*Try it*. Transcribe, word for word and without additions, each line below from the one containing "sc W \<and>" through the one containing "W \<Longrightarrow> fin_dim", both ends included.

*Records drawn from a dataset*.
section \<open>The value of chi_c\<close>

lemma st_partitionable_iso:
  assumes \<phi>: "induced_embedding \<phi> H G" and onto: "\<phi> ` verts H = verts G"
    and "st_partitionable H s t"
  shows "st_partitionable G s t"
proof -
  obtain P where P: "ipartition (verts H) (s + t) P"
    and stab: "\<forall>i<s. stable H (P i)" and cliq: "\<forall>i. s \<le> i \<and> i < s + t \<longrightarrow> clique H (P i)"
    using assms(3) unfolding st_partitionable_def by blast
  have "ipartition (verts G) (s + t) (\<lambda>i. \<phi> ` P i)"
    using ipartition_image[OF _ P] \<phi> onto unfolding induced_embedding_def by metis
  moreover have "\<forall>i<s. stable G (\<phi> ` P i)"
    using stab stable_image[OF \<phi>] ipartition_subset[OF P] by simp
  moreover have "\<forall>i. s \<le> i \<and> i < s + t \<longrightarrow> clique G (\<phi> ` P i)"
    using cliq clique_image[OF \<phi>] ipartition_subset[OF P] by simp
  ultimately show ?thesis
    unfolding st_partitionable_def by blast
qed

lemma Hst_not_subset_Forb:
  assumes "graph H" and "st_partitionable H s t"
  shows "\<not> Hst s t \<subseteq> Forb H"
proof
  assume sub: "Hst s t \<subseteq> Forb H"
  obtain G :: "nat graph" and \<phi> where G: "graph G" and \<phi>: "induced_embedding \<phi> H G"
    and onto: "\<phi> ` verts H = verts G"
    using obtain_nat_copy[OF \<open>graph H\<close>] .
  have "G \<in> Hst s t"
    using G st_partitionable_iso[OF \<phi> onto assms(2)] by (simp add: Hst_def)
  moreover have "has_induced G H"
    using \<phi> has_induced_iff_induced_embedding by blast
  ultimately show False
    using sub by (auto simp: Forb_def)
qed

lemma Hst_0_subset_Forb:
  assumes "\<not> st_partitionable H 0 l"
  shows "Hst 0 l \<subseteq> Forb H"
proof
  fix G assume G: "G \<in> Hst 0 l"
  then obtain P where P: "ipartition (verts G) l P" and cliq: "\<forall>i<l. clique G (P i)"
    unfolding Hst_def st_partitionable_def by auto
  show "G \<in> Forb H"
  proof (rule ccontr)
    assume "G \<notin> Forb H"
    then obtain \<phi> where \<phi>: "induced_embedding \<phi> H G"
      using G has_induced_iff_induced_embedding by (auto simp: Forb_def Hst_def)
    have "ipartition (verts H) l (\<lambda>i. \<phi> -` P i \<inter> verts H)"
      using ipartition_vimage[OF _ P] \<phi> unfolding induced_embedding_def by blast
    moreover have "\<forall>i<l. clique H (\<phi> -` P i \<inter> verts H)"
      using cliq clique_vimage[OF \<phi>] by blast
    ultimately have "st_partitionable H 0 l"
      unfolding st_partitionable_def by auto
    with assms show False ..
  qed
qed

lemma chi_c_eqI:
  assumes "s \<le> l" and "Hst s (l - s) \<subseteq> F"
    and "\<And>l' s'. l < l' \<Longrightarrow> s' \<le> l' \<Longrightarrow> \<not> Hst s' (l' - s') \<subseteq> F"
  shows "chi_c F = l"
proof -
  let ?L = "{l. \<exists>s\<le>l. Hst s (l - s) \<subseteq> F}"
  have "l \<in> ?L"
    using assms(1,2) by blast
  moreover have "l' \<le> l" if "l' \<in> ?L" for l'
    using that assms(3) not_le by blast
  ultimately show ?thesis
    unfolding chi_c_def by (intro Max_eqI) (auto simp: finite_nat_set_iff_bounded_le)
qed

lemma st_partitionable_more_cliques:
  assumes "st_partitionable H s t" and "t \<le> t'"
  shows "st_partitionable H s t'"
proof -
  obtain P where P: "ipartition (verts H) (s + t) P" and stab: "\<forall>i<s. stable H (P i)"
    and cliq: "\<forall>i. s \<le> i \<and> i < s + t \<longrightarrow> clique H (P i)"
    using assms(1) unfolding st_partitionable_def by blast
  have "ipartition (verts H) (s + t') (\<lambda>i. if i < s + t then P i else {})"
    using ipartition_pad[OF P] assms(2) by simp
  moreover have "clique H {}"
    by (simp add: clique_def)
  ultimately show ?thesis
    unfolding st_partitionable_def using stab cliq by auto
qed
lemma image_mult_left_cancel:
  fixes x y :: "'a::monoid_mult"
  assumes "y * x = 1"
  shows "(\<lambda>h. y * h) ` (\<lambda>h. x * h) ` W = W"
proof -
  have "y * (x * h) = h" for h
    using assms mult.assoc[of y x h] by simp
  then show ?thesis
    by (simp add: image_image)
qed

lemma finite_setprod:
  assumes "finite A" "finite B"
  shows "finite (setprod A B)"
proof -
  have "setprod A B = (\<lambda>(a, b). a * b) ` (A \<times> B)"
    unfolding setprod_def by auto
  with assms show ?thesis
    by simp
qed

lemma setprod_mono: "W \<subseteq> W' \<Longrightarrow> X \<subseteq> X' \<Longrightarrow> setprod W X \<subseteq> setprod W' X'"
  unfolding setprod_def by blast

lemma setprod_Un_left: "setprod (A \<union> B) X = setprod A X \<union> setprod B X"
  unfolding setprod_def by blast

lemma setprod_image_mult_left: "setprod ((\<lambda>h. x * h) ` W) X = (\<lambda>h. x * h) ` setprod W X"
proof
  show "setprod ((\<lambda>h. x * h) ` W) X \<subseteq> (\<lambda>h. x * h) ` setprod W X"
    unfolding setprod_def by (force simp: mult.assoc)
  show "(\<lambda>h. x * h) ` setprod W X \<subseteq> setprod ((\<lambda>h. x * h) ` W) X"
  proof
    fix z
    assume "z \<in> (\<lambda>h. x * h) ` setprod W X"
    then obtain s t where "s \<in> W" "t \<in> X" "z = (x * s) * t"
      unfolding setprod_def by (auto simp: mult.assoc)
    then show "z \<in> setprod ((\<lambda>h. x * h) ` W) X"
      unfolding setprod_def by blast
  qed
qed

locale unital_algebra = vector_space sc for sc :: "'k::field \<Rightarrow> 'a::ring_1 \<Rightarrow> 'a" +
  assumes scale_mult_left: "sc c (x * y) = sc c x * y"
    and scale_mult_right: "sc c (x * y) = x * sc c y"

lemma unital_algebra_if_is_algebra:
  assumes "is_algebra sc"
  shows "unital_algebra sc"
proof -
  have "vector_space sc" "\<And>c x y. sc c (x * y) = sc c x * y" "\<And>c x y. sc c (x * y) = x * sc c y"
    using assms unfolding is_algebra_def by blast+
  then show ?thesis
    by (intro unital_algebra.intro unital_algebra_axioms.intro)
qed

definition lines_meet_units :: "('k::field \<Rightarrow> 'a::ring_1 \<Rightarrow> 'a) \<Rightarrow> bool" where
  "lines_meet_units sc \<longleftrightarrow> (\<forall>h. \<exists>c. c \<noteq> 0 \<and> 1 + sc c h \<in> units)"

context unital_algebra
begin

lemma fin_dim_subspace_iff: "fin_dim_subspace sc W \<longleftrightarrow> subspace W \<and> fin_dim sc W"
proof
  assume W: "subspace W \<and> fin_dim sc W"
  then obtain B where B: "finite B" "independent B" "B \<subseteq> W" "W \<subseteq> span B" "card B = dim W"
    using fin_dim_obtain_basis by blast
  then have "finite B \<and> W = span B"
    using span_subspace[OF B(3,4)] W by simp
  then show "fin_dim_subspace sc W"
    unfolding fin_dim_subspace_def by blast
next
  assume "fin_dim_subspace sc W"
  then obtain B where "finite B" "W = span B"
    unfolding fin_dim_subspace_def by blast
  then show "subspace W \<and> fin_dim sc W"
    using fin_dim_finite[of B] by simp
qed

lemma linear_mult_left: "Vector_Spaces.linear sc sc (\<lambda>y. x * y)"
  unfolding Vector_Spaces.linear_iff
  by (simp add: vector_space_axioms distrib_left flip: scale_mult_right)

lemma linear_mult_right: "Vector_Spaces.linear sc sc (\<lambda>y. y * x)"
  unfolding Vector_Spaces.linear_iff
  by (simp add: vector_space_axioms distrib_right flip: scale_mult_left)

lemma dim_mult_left_unit: "x \<in> units \<Longrightarrow> fin_dim sc S \<Longrightarrow> dim ((\<lambda>y. x * y) ` S) = dim S"
  using dim_linear_image_inj[OF linear_mult_left inj_mult_left_unit] .

lemma dim_mult_right_unit: "x \<in> units \<Longrightarrow> fin_dim sc S \<Longrightarrow> dim ((\<lambda>y. y * x) ` S) = dim S"
  using dim_linear_image_inj[OF linear_mult_right inj_mult_right_unit] .

lemma scale_in_units:
  assumes "u \<in> units" "c \<noteq> 0"
  shows "sc c u \<in> units"
proof -
  obtain u' where "u * u' = 1" "u' * u = 1"
    using assms(1) units_obtain_inverse by blast
  then have "sc c u * sc (inverse c) u' = 1" "sc (inverse c) u' * sc c u = 1"
    using assms(2) by (simp_all flip: scale_mult_left scale_mult_right)
  then show ?thesis
    unfolding units_def by blast
qed

lemma mult_in_span_setprod:
  assumes "x \<in> span A" "y \<in> span B"
  shows "x * y \<in> span (setprod A B)"
proof -
  let ?M = "span (setprod A B)"
  have "subspace {z. a * z \<in> ?M}" for a
    unfolding subspace_def
    by (auto simp: distrib_left span_zero span_add span_scale simp flip: scale_mult_right)
  then have left: "a * y \<in> ?M" if "a \<in> A" for a
    using span_induct[OF assms(2), of "\<lambda>z. a * z \<in> ?M"] that
    by (auto intro: span_base simp: setprod_def)
  have "subspace {z. z * y \<in> ?M}"
    unfolding subspace_def
    by (auto simp: distrib_right span_zero span_add span_scale simp flip: scale_mult_left)
  then show ?thesis
    using span_induct[OF assms(1), of "\<lambda>z. z * y \<in> ?M"] left by auto
qed

lemma span_setprod_span_left: "span (setprod (span A) B) = span (setprod A B)"
proof (rule span_eq[THEN iffD2, OF conjI])
  show "setprod (span A) B \<subseteq> span (setprod A B)"
  proof
    fix z
    assume "z \<in> setprod (span A) B"
    then obtain a b where "a \<in> span A" "b \<in> B" "z = a * b"
      unfolding setprod_def by blast
    then show "z \<in> span (setprod A B)"
      using mult_in_span_setprod span_base by simp
  qed
  have "setprod A B \<subseteq> setprod (span A) B"
    using setprod_mono[OF span_superset order_refl] .
  then show "setprod A B \<subseteq> span (setprod (span A) B)"
    using span_superset by blast
qed

lemma fin_dim_setprod:
  assumes "fin_dim sc W" "fin_dim sc X"
  shows "fin_dim sc (setprod W X)"
proof -
  obtain A B where AB: "finite A" "W \<subseteq> span A" "finite B" "X \<subseteq> span B"
    using assms unfolding fin_dim_iff by blast
  have "setprod W X \<subseteq> span (setprod A B)"
  proof
    fix z
    assume "z \<in> setprod W X"
    then obtain a b where "a \<in> W" "b \<in> X" "z = a * b"
      unfolding setprod_def by blast
    then show "z \<in> span (setprod A B)"
      using AB mult_in_span_setprod by blast
  qed
  then show ?thesis
    unfolding fin_dim_iff using finite_setprod[OF AB(1,3)] by blast
qed

lemma fin_dim_left_stabilizer:
  assumes "fin_dim sc V" "v \<in> V" "v \<in> units"
  shows "fin_dim sc (left_stabilizer V)"
proof -
  obtain v' where v': "v * v' = 1"
    using assms(3) units_obtain_inverse by blast
  have "left_stabilizer V \<subseteq> (\<lambda>z. z * v') ` V"
  proof
    fix h
    assume "h \<in> left_stabilizer V"
    then have "h * v \<in> V"
      using assms(2) unfolding left_stabilizer_def by blast
    moreover have "h = (h * v) * v'"
      by (simp add: mult.assoc v')
    ultimately show "h \<in> (\<lambda>z. z * v') ` V"
      by blast
  qed
  then show ?thesis
    using fin_dim_subset fin_dim_linear_image[OF linear_mult_right assms(1)] by blast
qed

end

section \<open>Connectivity, fragments and atoms\<close>

locale connectivity = unital_algebra sc for sc :: "'k::field \<Rightarrow> 'a::ring_1 \<Rightarrow> 'a" +
  fixes V :: "'a set" and lam :: real
  assumes fin_dim_subspace_V: "fin_dim_subspace sc V"
    and V_meets_units: "V \<inter> units \<noteq> {}"
    and lam_pos: "0 < lam" and lam_le_1: "lam \<le> 1"
begin

abbreviation prod_span :: "'a set \<Rightarrow> 'a set" where
  "prod_span W \<equiv> span (setprod W V)"

lemma fin_dim_V: "fin_dim sc V"
  using fin_dim_subspace_V fin_dim_subspace_iff by auto

lemma conn_eq: "conn sc lam V W = real (dim (prod_span W)) - lam * real (dim W)"
  unfolding conn_def by simp

lemma admissible_iff: "admissible sc W \<longleftrightarrow> subspace W \<and> fin_dim sc W \<and> W \<inter> units \<noteq> {}"
  unfolding admissible_def fin_dim_subspace_iff by simp

lemma fin_dim_prod_span: "fin_dim sc W \<Longrightarrow> fin_dim sc (prod_span W)"
  using fin_dim_setprod[OF _ fin_dim_V] by simp

lemma admissible_span_one: "admissible sc (span {1})"
  unfolding admissible_iff using span_base[of 1 "{1}"] fin_dim_finite[of "{1}"] by auto

text \<open>Multiplying by a unit of \<open>W\<close> (on the left of \<open>V\<close>) or of \<open>V\<close> (on the right of \<open>W\<close>)
  embeds both \<open>V\<close> and \<open>W\<close> into \<open>span (WV)\<close>.\<close>

lemma dim_le_dim_prod_span:
  assumes "admissible sc W"
  shows "dim W \<le> dim (prod_span W)" "dim V \<le> dim (prod_span W)"
proof -
  obtain w where w: "w \<in> W" "w \<in> units"
    using assms admissible_iff by blast
  obtain v where v: "v \<in> V" "v \<in> units"
    using V_meets_units by blast
  have fW: "fin_dim sc W" and fP: "fin_dim sc (prod_span W)"
    using assms admissible_iff fin_dim_prod_span by auto
  have "(\<lambda>z. z * v) ` W \<subseteq> setprod W V"
    using v(1) unfolding setprod_def by blast
  then have "(\<lambda>z. z * v) ` W \<subseteq> span (prod_span W)"
    unfolding span_span using span_superset by (rule subset_trans)
  then have "dim ((\<lambda>z. z * v) ` W) \<le> dim (prod_span W)"
    by (rule dim_le_if_subset_span[OF fP])
  then show "dim W \<le> dim (prod_span W)"
    using dim_mult_right_unit[OF v(2) fW] by simp
  have "(\<lambda>z. w * z) ` V \<subseteq> setprod W V"
    using w(1) unfolding setprod_def by blast
  then have "(\<lambda>z. w * z) ` V \<subseteq> span (prod_span W)"
    unfolding span_span using span_superset by (rule subset_trans)
  then have "dim ((\<lambda>z. w * z) ` V) \<le> dim (prod_span W)"
    by (rule dim_le_if_subset_span[OF fP])
  then show "dim V \<le> dim (prod_span W)"
    using dim_mult_left_unit[OF w(2) fin_dim_V] by simp
qed

text \<open>Since \<open>dim W \<le> dim (span (WV))\<close> and \<open>lam \<le> 1\<close>, only finitely many connectivity
  values lie below any bound: for \<open>lam < 1\<close> the bound caps \<open>dim W\<close>, for \<open>lam = 1\<close>
  the values are integers.\<close>

lemma finite_conn_values_le:
  "finite {c \<in> conn sc lam V ` {W. admissible sc W}. c \<le> b}"
proof (cases "lam = 1")
  case True
  have "{c \<in> conn sc lam V ` {W. admissible sc W}. c \<le> b} \<subseteq> real ` {..nat \<lceil>b\<rceil>}"
  proof clarify
    fix W
    assume W: "admissible sc W" "conn sc lam V W \<le> b"
    have "conn sc lam V W = real (dim (prod_span W) - dim W)"
      using dim_le_dim_prod_span(1)[OF W(1)] True conn_eq by (simp add: of_nat_diff)
    with W(2) show "conn sc lam V W \<in> real ` {..nat \<lceil>b\<rceil>}"
      by (auto intro!: image_eqI simp: le_nat_iff) linarith
  qed
  then show ?thesis
    by (rule finite_subset) simp
next
  case False
  then have lam_less_1: "lam < 1"
    using lam_le_1 by simp
  define N where "N = nat \<lceil>b / (1 - lam)\<rceil> + nat \<lceil>b\<rceil>"
  have "{c \<in> conn sc lam V ` {W. admissible sc W}. c \<le> b}
      \<subseteq> (\<lambda>(m, n). real m - lam * real n) ` ({..N} \<times> {..N})"
  proof clarify
    fix W
    assume W: "admissible sc W" "conn sc lam V W \<le> b"
    have le: "real (dim (prod_span W)) - lam * real (dim W) \<le> b"
      using W(2) conn_eq by simp
    have "dim W \<le> dim (prod_span W)"
      using dim_le_dim_prod_span(1)[OF W(1)] .
    then have "(1 - lam) * real (dim W) \<le> b"
      using le by (simp add: algebra_simps)
    then have dW: "real (dim W) \<le> b / (1 - lam)"
      using lam_less_1 by (simp add: field_simps mult.commute)
    have "real (dim (prod_span W)) \<le> b + real (dim W)"
      using le lam_le_1 mult_right_mono[of lam 1 "real (dim W)"] by simp
    with dW have "dim W \<le> N" "dim (prod_span W) \<le> N"
      unfolding N_def by linarith+
    then show "conn sc lam V W \<in> (\<lambda>(m, n). real m - lam * real n) ` ({..N} \<times> {..N})"
      using conn_eq by (intro image_eqI[of _ _ "(dim (prod_span W), dim W)"]) auto
  qed
  then show ?thesis
    by (rule finite_subset) simp
qed

lemma conn_attains_min:
  "\<exists>W0. admissible sc W0 \<and> (\<forall>W. admissible sc W \<longrightarrow> conn sc lam V W0 \<le> conn sc lam V W)"
proof -
  define b where "b = conn sc lam V (span {1})"
  define F where "F = {c \<in> conn sc lam V ` {W. admissible sc W}. c \<le> b}"
  have fin: "finite F"
    unfolding F_def by (rule finite_conn_values_le)
  have "b \<in> F"
    using admissible_span_one unfolding F_def b_def by blast
  then have "Min F \<in> conn sc lam V ` {W. admissible sc W}"
    using Min_in[OF fin] unfolding F_def by blast
  then obtain W0 where W0: "admissible sc W0" "conn sc lam V W0 = Min F"
    by (metis imageE mem_Collect_eq)
  have "conn sc lam V W0 \<le> conn sc lam V W" if W: "admissible sc W" for W
  proof (cases "conn sc lam V W \<le> b")
    case True
    then have "conn sc lam V W \<in> F"
      using W unfolding F_def by blast
    then show ?thesis
      using Min_le[OF fin] W0(2) by simp
  next
    case False
    then show ?thesis
      using Min_le[OF fin \<open>b \<in> F\<close>] W0(2) by simp
  qed
  with W0 show ?thesis
    by blast
qed

lemma kappa_le_conn: "admissible sc W \<Longrightarrow> kappa sc lam V \<le> conn sc lam V W"
  unfolding kappa_def by (rule cInf_lower) (use conn_attains_min in \<open>auto intro: bdd_belowI2\<close>)

lemma fragment_exists: "\<exists>W. fragment sc lam V W"
proof -
  obtain W0 where W0: "admissible sc W0" "\<And>W. admissible sc W \<Longrightarrow> conn sc lam V W0 \<le> conn sc lam V W"
    using conn_attains_min by blast
  then have "kappa sc lam V = conn sc lam V W0"
    unfolding kappa_def by (intro cInf_eq_minimum) auto
  with W0(1) show ?thesis
    unfolding fragment_def by auto
qed

lemma atom_exists: "\<exists>A. atom sc lam V A"
  using ex_has_least_nat[of "fragment sc lam V" _ dim] fragment_exists unfolding atom_def by blast

lemma fragment_imp_admissible: "fragment sc lam V W \<Longrightarrow> admissible sc W"
  unfolding fragment_def by blast

lemma atom_imp_fragment: "atom sc lam V W \<Longrightarrow> fragment sc lam V W"
  unfolding atom_def by blast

*Exercise response*.
lemma admissible_iff: "admissible sc W \<longleftrightarrow> subspace W \<and> fin_dim sc W \<and> W \<inter> units \<noteq> {}"
  unfolding admissible_def fin_dim_subspace_iff by simp

lemma fin_dim_prod_span: "fin_dim sc W \<Longrightarrow> fin_dim sc (prod_span W)"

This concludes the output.